** EXERCISE REQUIREMENTS **
Lines before the one containing "finally show ?thesis ." are left out; copy that line and every later line through the end of the data exactly.

Stored items
lemma exists_dipole_from_edges:
  assumes "metrized_graph G"
    and edge: "\<And>d. d \<in> edges G \<Longrightarrow> \<exists>f. has_outflux G f (dipole (Vtx (fst (ends G d))) (Vtx (snd (ends G d))))"
    and "y \<in> points G" "z \<in> points G"
  shows "\<exists>f. has_outflux G f (dipole y z)"
proof -
  note wf = metrized_graphD(1)[OF assms(1)]
  have path: "\<exists>f. has_outflux G f (dipole (Vtx u) (Vtx v))" if "u \<in> verts G" "v \<in> verts G" for u v
    using metrized_graphD(2)[OF assms(1)] that unfolding connected_graph_def
    by (blast intro: exists_dipole_path[OF wf edge])
  obtain v0 where v0: "v0 \<in> verts G" using wf unfolding wf_graph_def by blast
  have to_v0: "\<exists>f. has_outflux G f (dipole x (Vtx v0))" if "x \<in> points G" for x
    using that
  proof (cases rule: points_cases)
    case (Vtx v)
    then show ?thesis using path v0 by blast
  next
    case (Pt d a)
    obtain g where "has_outflux G g (dipole (Vtx (fst (ends G d))) (Vtx (snd (ends G d))))"
      using edge[OF Pt(2)] by blast
    from has_outflux_dipole_interior[OF wf Pt(2-4) has_outflux_dipole_swap[OF wf this]]
    have "\<exists>f. has_outflux G f (dipole x (Vtx (fst (ends G d))))" unfolding Pt(1) by blast
    moreover have "\<exists>h. has_outflux G h (dipole (Vtx (fst (ends G d))) (Vtx v0))"
      using path[OF wf_graph_edgeD(2)[OF wf Pt(2)] v0] .
    ultimately show ?thesis using has_outflux_dipole_trans[OF wf] by blast
  qed
  obtain f g where "has_outflux G f (dipole y (Vtx v0))" "has_outflux G g (dipole z (Vtx v0))"
    using to_v0 assms(3,4) by blast
  then show ?thesis using has_outflux_dipole_trans[OF wf _ has_outflux_dipole_swap[OF wf]] by blast
qed
(* Let $n\ge 2$ and $H\le\operatorname{Sym}(n)$. The set $V_n(H)$ of homeomorphisms of $\mathfrak{C}_n$ described by tables (as in the context) is a group under composition.
   Context: Let $\mathcal{A}_n=\{0,1,\dots,n-1\}$, let $\mathcal{A}_n^*$ be the set of finite words over $\mathcal{A}_n$ (including the empty word), and let $\mathfrak{C}_n=\mathcal{A}_n^{\mathbb{N}}$ (infinite words, product topology). For $u\in\mathcal{A}_n^*$ and $v$ a finite or infinite word, $uv$ denotes concatenation, and $u\le_{pref} v$ means $v=uw$ for some word $w$. A (complete) prefix code of $\mathfrak{C}_n$ is a finite set $S\subset\mathcal{A}_n^*$ such that every $\zeta\in\mathfrak{C}_n$ has exactly one $s\in S$ with $s\le_{pref}\zeta$. A permutation $\sigma\in\operatorname{Sym}(n)$ acts on words letterwise: $\sigma(z_1z_2\cdots)=\sigma(z_1)\sigma(z_2)\cdots$. A table consists of two prefix codes $P=\{p_1,\dots,p_k\}$ and $Q=\{q_1,\dots,q_k\}$ of $\mathfrak{C}_n$ of the same size $k\ge1$ together with $\sigma_i,\tau_i\in H$ ($1\le i\le k$); it describes the homeomorphism of $\mathfrak{C}_n$ sending $p_i\,\sigma_i(u)\mapsto q_i\,\tau_i(u)$ for all $u\in\mathfrak{C}_n$ and all $i$. *)

theory Defs
  imports "HOL-Algebra.Bij" "HOL-Algebra.Group"
begin

text \<open>Finite words over A_n = {0,...,n-1} are nat lists; infinite words are
  functions nat => nat.\<close>

definition words :: "nat \<Rightarrow> nat list set" where
  "words n = {w. set w \<subseteq> {..<n}}"

definition cantor :: "nat \<Rightarrow> (nat \<Rightarrow> nat) set" where
  "cantor n = {z. \<forall>i. z i < n}"

definition cat :: "nat list \<Rightarrow> (nat \<Rightarrow> nat) \<Rightarrow> (nat \<Rightarrow> nat)" where
  "cat u z = (\<lambda>i. if i < length u then u ! i else z (i - length u))"

definition is_prefix :: "nat list \<Rightarrow> (nat \<Rightarrow> nat) \<Rightarrow> bool" where
  "is_prefix u z \<longleftrightarrow> (\<forall>i<length u. z i = u ! i)"

definition prefix_code :: "nat \<Rightarrow> nat list set \<Rightarrow> bool" where
  "prefix_code n S \<longleftrightarrow> finite S \<and> S \<subseteq> words n \<and>
     (\<forall>z\<in>cantor n. \<exists>!s. s \<in> S \<and> is_prefix s z)"

text \<open>The homeomorphism f (an element of the bijection group of C_n, hence
  extensional on C_n) is described by a table with entries in H:
  P = {p 0..p (k-1)}, Q = {q 0..q (k-1)} prefix codes of size k, and
  f (p_i sigma_i(u)) = q_i tau_i(u). Permutations act letterwise: sigma o u.\<close>
definition described_by_table :: "nat \<Rightarrow> (nat \<Rightarrow> nat) set \<Rightarrow> ((nat \<Rightarrow> nat) \<Rightarrow> (nat \<Rightarrow> nat)) \<Rightarrow> bool" where
  "described_by_table n H f \<longleftrightarrow>
     f \<in> extensional (cantor n) \<and>
     (\<exists>(k::nat) (p::nat \<Rightarrow> nat list) (q::nat \<Rightarrow> nat list)
        (\<sigma>::nat \<Rightarrow> nat \<Rightarrow> nat) (\<tau>::nat \<Rightarrow> nat \<Rightarrow> nat).
        k \<ge> 1 \<and>
        inj_on p {..<k} \<and> inj_on q {..<k} \<and>
        prefix_code n (p ` {..<k}) \<and> prefix_code n (q ` {..<k}) \<and>
        (\<forall>i<k. \<sigma> i \<in> H \<and> \<tau> i \<in> H) \<and>
        (\<forall>i<k. \<forall>u\<in>cantor n. f (cat (p i) (\<sigma> i \<circ> u)) = cat (q i) (\<tau> i \<circ> u)))"

definition V :: "nat \<Rightarrow> (nat \<Rightarrow> nat) set \<Rightarrow> ((nat \<Rightarrow> nat) \<Rightarrow> (nat \<Rightarrow> nat)) set" where
  "V n H = {f. described_by_table n H f}"

end

theory Submission
  imports Defs
begin

text \<open>A table can be refined until its domain code consists of all words of some fixed
  length L and all \<sigma>_i are trivial: f (w u) = q_w (h_w u) for every word w of
  length L. Such depth-L descriptions compose (a depth-L one after a depth-M one gives depth
  L + M, since H is closed under products), and conversely a bijection of C_n with a
  depth-L description is given by a table, because bijectivity forces the words q_w to
  form a prefix code. The inverse of a table is obtained by exchanging P with Q and the
  \<sigma>_i with the \<tau>_i.\<close>

lemma carrier_BijGroup [simp]: "carrier (BijGroup S) = Bij S"
  by (simp add: BijGroup_def)

lemma BijGroup_mult: "a \<in> Bij S \<Longrightarrow> b \<in> Bij S \<Longrightarrow> a \<otimes>\<^bsub>BijGroup S\<^esub> b = compose S a b"
  by (simp add: BijGroup_def)

lemma BijGroup_one: "\<one>\<^bsub>BijGroup S\<^esub> = (\<lambda>x\<in>S. x)"
  by (simp add: BijGroup_def)

lemma subgroup_BijGroup_subset: "subgroup H (BijGroup S) \<Longrightarrow> H \<subseteq> Bij S"
  using subgroup.subset by fastforce

lemma words_append [simp]: "a @ b \<in> words n \<longleftrightarrow> a \<in> words n \<and> b \<in> words n"
  by (auto simp: words_def)

lemma words_take: "w \<in> words n \<Longrightarrow> take m w \<in> words n"
  by (auto simp: words_def dest: in_set_takeD)

lemma words_drop: "w \<in> words n \<Longrightarrow> drop m w \<in> words n"
  by (auto simp: words_def dest: in_set_dropD)

lemma cat_Nil [simp]: "cat [] u = u"
  by (simp add: cat_def)

lemma cat_append: "cat (v @ w) u = cat v (cat w u)"
  by (auto simp: cat_def nth_append fun_eq_iff)

lemma comp_cat: "h \<circ> cat w u = cat (map h w) (h \<circ> u)"
  by (auto simp: cat_def fun_eq_iff)

lemma cat_in_cantor: "w \<in> words n \<Longrightarrow> u \<in> cantor n \<Longrightarrow> cat w u \<in> cantor n"
  by (auto simp: cat_def cantor_def words_def dest!: nth_mem)

lemma cat_eq_cat_iff:
  assumes "length w = length w'"
  shows "cat w u = cat w' u' \<longleftrightarrow> w = w' \<and> u = u'"
proof
  assume eq: "cat w u = cat w' u'"
  have "w ! i = w' ! i" if "i < length w" for i
    using fun_cong[OF eq, of i] that assms by (simp add: cat_def)
  then have "w = w'"
    using assms by (simp add: nth_equalityI)
  moreover have "u j = u' j" for j
    using fun_cong[OF eq, of "j + length w"] assms by (simp add: cat_def)
  ultimately show "w = w' \<and> u = u'"
    by auto
qed simp

lemma is_prefix_cat [simp]: "is_prefix w (cat w u)"
  by (simp add: is_prefix_def cat_def)

lemma is_prefixE:
  assumes "is_prefix w z" "z \<in> cantor n"
  obtains u where "u \<in> cantor n" "z = cat w u"
proof
  show "(\<lambda>j. z (j + length w)) \<in> cantor n"
    using assms(2) by (simp add: cantor_def)
  show "z = cat w (\<lambda>j. z (j + length w))"
    using assms(1) by (auto simp: is_prefix_def cat_def fun_eq_iff)
qed

lemma is_prefix_cat_imp_append:
  assumes "is_prefix w (cat v u)" "length w \<le> length v"
  shows "v = w @ drop (length w) v"
proof -
  have "take (length w) v = w"
    using assms by (intro nth_equalityI) (auto simp: is_prefix_def cat_def)
  then show ?thesis
    by (metis append_take_drop_id)
qed

lemma is_prefix_comparable:
  assumes "is_prefix v z" "is_prefix w z"
  shows "(\<exists>x. w = v @ x) \<or> (\<exists>x. v = w @ x)"
proof -
  have "z = cat v (\<lambda>j. z (j + length v))" "z = cat w (\<lambda>j. z (j + length w))"
    using assms by (auto simp: is_prefix_def cat_def fun_eq_iff)
  then show ?thesis
    using assms is_prefix_cat_imp_append nat_le_linear by metis
qed

lemma Bij_comp_cantor: "h \<in> Bij {..<n} \<Longrightarrow> u \<in> cantor n \<Longrightarrow> h \<circ> u \<in> cantor n"
  using Bij_imp_funcset by (fastforce simp: cantor_def)

lemma Bij_map_words: "h \<in> Bij {..<n} \<Longrightarrow> w \<in> words n \<Longrightarrow> map h w \<in> words n"
  using Bij_imp_funcset by (fastforce simp: words_def)

lemma BijGroup_mult_comp:
  "a \<in> Bij {..<n} \<Longrightarrow> b \<in> Bij {..<n} \<Longrightarrow> u \<in> cantor n \<Longrightarrow>
    (a \<otimes>\<^bsub>BijGroup {..<n}\<^esub> b) \<circ> u = a \<circ> (b \<circ> u)"
  by (auto simp: BijGroup_mult compose_def cantor_def fun_eq_iff)

lemma BijGroup_one_comp: "u \<in> cantor n \<Longrightarrow> \<one>\<^bsub>BijGroup {..<n}\<^esub> \<circ> u = u"
  by (auto simp: BijGroup_one cantor_def fun_eq_iff)

lemma inv_BijGroup_closed: "h \<in> Bij S \<Longrightarrow> inv\<^bsub>BijGroup S\<^esub> h \<in> Bij S"
  using group.inv_closed[OF group_BijGroup] by fastforce

lemma BijGroup_comp_inv_comp:
  assumes "h \<in> Bij {..<n}" "u \<in> cantor n"
  shows "h \<circ> (inv\<^bsub>BijGroup {..<n}\<^esub> h \<circ> u) = u"
    and "inv\<^bsub>BijGroup {..<n}\<^esub> h \<circ> (h \<circ> u) = u"
  using assms inv_BijGroup_closed[of h "{..<n}"]
  by (simp_all flip: BijGroup_mult_comp add: group.r_inv[OF group_BijGroup]
      group.l_inv[OF group_BijGroup] BijGroup_one_comp)

definition words_of_length :: "nat \<Rightarrow> nat \<Rightarrow> nat list set" where
  "words_of_length n L = {w \<in> words n. length w = L}"

lemma finite_words_of_length: "finite (words_of_length n L)"
proof -
  have "words_of_length n L = {w. set w \<subseteq> {..<n} \<and> length w = L}"
    by (auto simp: words_of_length_def words_def)
  then show ?thesis
    by (simp add: finite_lists_length_eq)
qed

lemma take_in_words_of_length: "z \<in> cantor n \<Longrightarrow> map z [0..<L] \<in> words_of_length n L"
  by (auto simp: words_of_length_def words_def cantor_def)

lemma is_prefix_take: "is_prefix (map z [0..<L]) z"
  by (simp add: is_prefix_def)

lemma prefix_code_words_of_length: "prefix_code n (words_of_length n L)"
  unfolding prefix_code_def
proof (intro conjI ballI)
  fix z assume "z \<in> cantor n"
  show "\<exists>!w. w \<in> words_of_length n L \<and> is_prefix w z"
  proof (rule ex1I)
    show "map z [0..<L] \<in> words_of_length n L \<and> is_prefix (map z [0..<L]) z"
      using \<open>z \<in> cantor n\<close> by (simp add: take_in_words_of_length is_prefix_take)
    fix w assume "w \<in> words_of_length n L \<and> is_prefix w z"
    then show "w = map z [0..<L]"
      by (intro nth_equalityI) (auto simp: words_of_length_def is_prefix_def)
  qed
qed (use finite_words_of_length in \<open>auto simp: words_of_length_def\<close>)

lemma prefix_code_words: "prefix_code n (p ` {..<k}) \<Longrightarrow> i < k \<Longrightarrow> p i \<in> words n"
  unfolding prefix_code_def by blast

lemma prefix_code_prefixE:
  assumes "prefix_code n (p ` {..<k})" "z \<in> cantor n"
  obtains i where "i < k" "is_prefix (p i) z"
  using assms unfolding prefix_code_def by blast

lemma prefix_code_catE:
  assumes "prefix_code n (p ` {..<k})" "z \<in> cantor n"
  obtains i v where "i < k" "v \<in> cantor n" "z = cat (p i) v"
  using assms by (metis prefix_code_prefixE is_prefixE)

lemma prefix_code_index_unique:
  assumes "prefix_code n (p ` {..<k})" "inj_on p {..<k}" "z \<in> cantor n"
    and "i < k" "j < k" "is_prefix (p i) z" "is_prefix (p j) z"
  shows "i = j"
proof -
  have "p i = p j"
    using assms unfolding prefix_code_def by blast
  then show ?thesis
    using assms(2,4,5) by (auto dest: inj_onD)
qed

lemma described_by_tableE:
  assumes "described_by_table n H f"
  obtains k :: nat and p q \<sigma> \<tau> where "k \<ge> 1" "inj_on p {..<k}" "inj_on q {..<k}"
    "prefix_code n (p ` {..<k})" "prefix_code n (q ` {..<k})"
    "\<forall>i<k. \<sigma> i \<in> H \<and> \<tau> i \<in> H"
    "\<forall>i<k. \<forall>u\<in>cantor n. f (cat (p i) (\<sigma> i \<circ> u)) = cat (q i) (\<tau> i \<circ> u)"
  using assms unfolding described_by_table_def by auto

lemma described_by_tableI:
  fixes k :: nat
  assumes "f \<in> extensional (cantor n)" "k \<ge> 1" "inj_on p {..<k}" "inj_on q {..<k}"
    "prefix_code n (p ` {..<k})" "prefix_code n (q ` {..<k})"
    "\<forall>i<k. \<sigma> i \<in> H \<and> \<tau> i \<in> H"
    "\<forall>i<k. \<forall>u\<in>cantor n. f (cat (p i) (\<sigma> i \<circ> u)) = cat (q i) (\<tau> i \<circ> u)"
  shows "described_by_table n H f"
  unfolding described_by_table_def using assms by blast

lemma described_by_table_normalE:
  assumes H: "subgroup H (BijGroup {..<n})" and f: "described_by_table n H f"
  obtains k :: nat and p q g where "inj_on p {..<k}" "inj_on q {..<k}"
    "prefix_code n (p ` {..<k})" "prefix_code n (q ` {..<k})" "\<forall>i<k. g i \<in> H"
    "\<forall>i<k. \<forall>v\<in>cantor n. f (cat (p i) v) = cat (q i) (g i \<circ> v)"
proof -
  let ?G = "BijGroup {..<n}"
  obtain k :: nat and p q \<sigma> \<tau> where codes: "inj_on p {..<k}" "inj_on q {..<k}"
      "prefix_code n (p ` {..<k})" "prefix_code n (q ` {..<k})"
    and \<sigma>\<tau>: "\<forall>i<k. \<sigma> i \<in> H \<and> \<tau> i \<in> H"
    and rows: "\<forall>i<k. \<forall>u\<in>cantor n. f (cat (p i) (\<sigma> i \<circ> u)) = cat (q i) (\<tau> i \<circ> u)"
    using f by (elim described_by_tableE) auto
  have HB: "H \<subseteq> Bij {..<n}"
    using H by (rule subgroup_BijGroup_subset)
  define g where "g i = \<tau> i \<otimes>\<^bsub>?G\<^esub> inv\<^bsub>?G\<^esub> \<sigma> i" for i
  have "g i \<in> H" if "i < k" for i
    unfolding g_def using \<sigma>\<tau> that by (auto intro: subgroup.m_closed[OF H] subgroup.m_inv_closed[OF H])
  moreover have "f (cat (p i) v) = cat (q i) (g i \<circ> v)" if "i < k" "v \<in> cantor n" for i v
  proof -
    have \<sigma>: "\<sigma> i \<in> Bij {..<n}" and \<tau>: "\<tau> i \<in> Bij {..<n}" and \<sigma>':  "inv\<^bsub>?G\<^esub> \<sigma> i \<in> Bij {..<n}"
      using \<sigma>\<tau> HB that inv_BijGroup_closed by blast+
    have "f (cat (p i) v) = f (cat (p i) (\<sigma> i \<circ> (inv\<^bsub>?G\<^esub> \<sigma> i \<circ> v)))"
      using \<sigma> that by (simp add: BijGroup_comp_inv_comp)
    also have "\<dots> = cat (q i) (\<tau> i \<circ> (inv\<^bsub>?G\<^esub> \<sigma> i \<circ> v))"
      using rows that \<sigma>' by (simp add: Bij_comp_cantor)
    also have "\<dots> = cat (q i) (g i \<circ> v)"
      using \<tau> \<sigma>' that by (simp add: g_def BijGroup_mult_comp)
    finally show ?thesis .
  qed
  ultimately show thesis
    by (intro that[OF codes]) auto
qed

** REPLY **
    finally show ?thesis .
  qed
  ultimately show thesis
    by (intro that[OF codes]) auto
qed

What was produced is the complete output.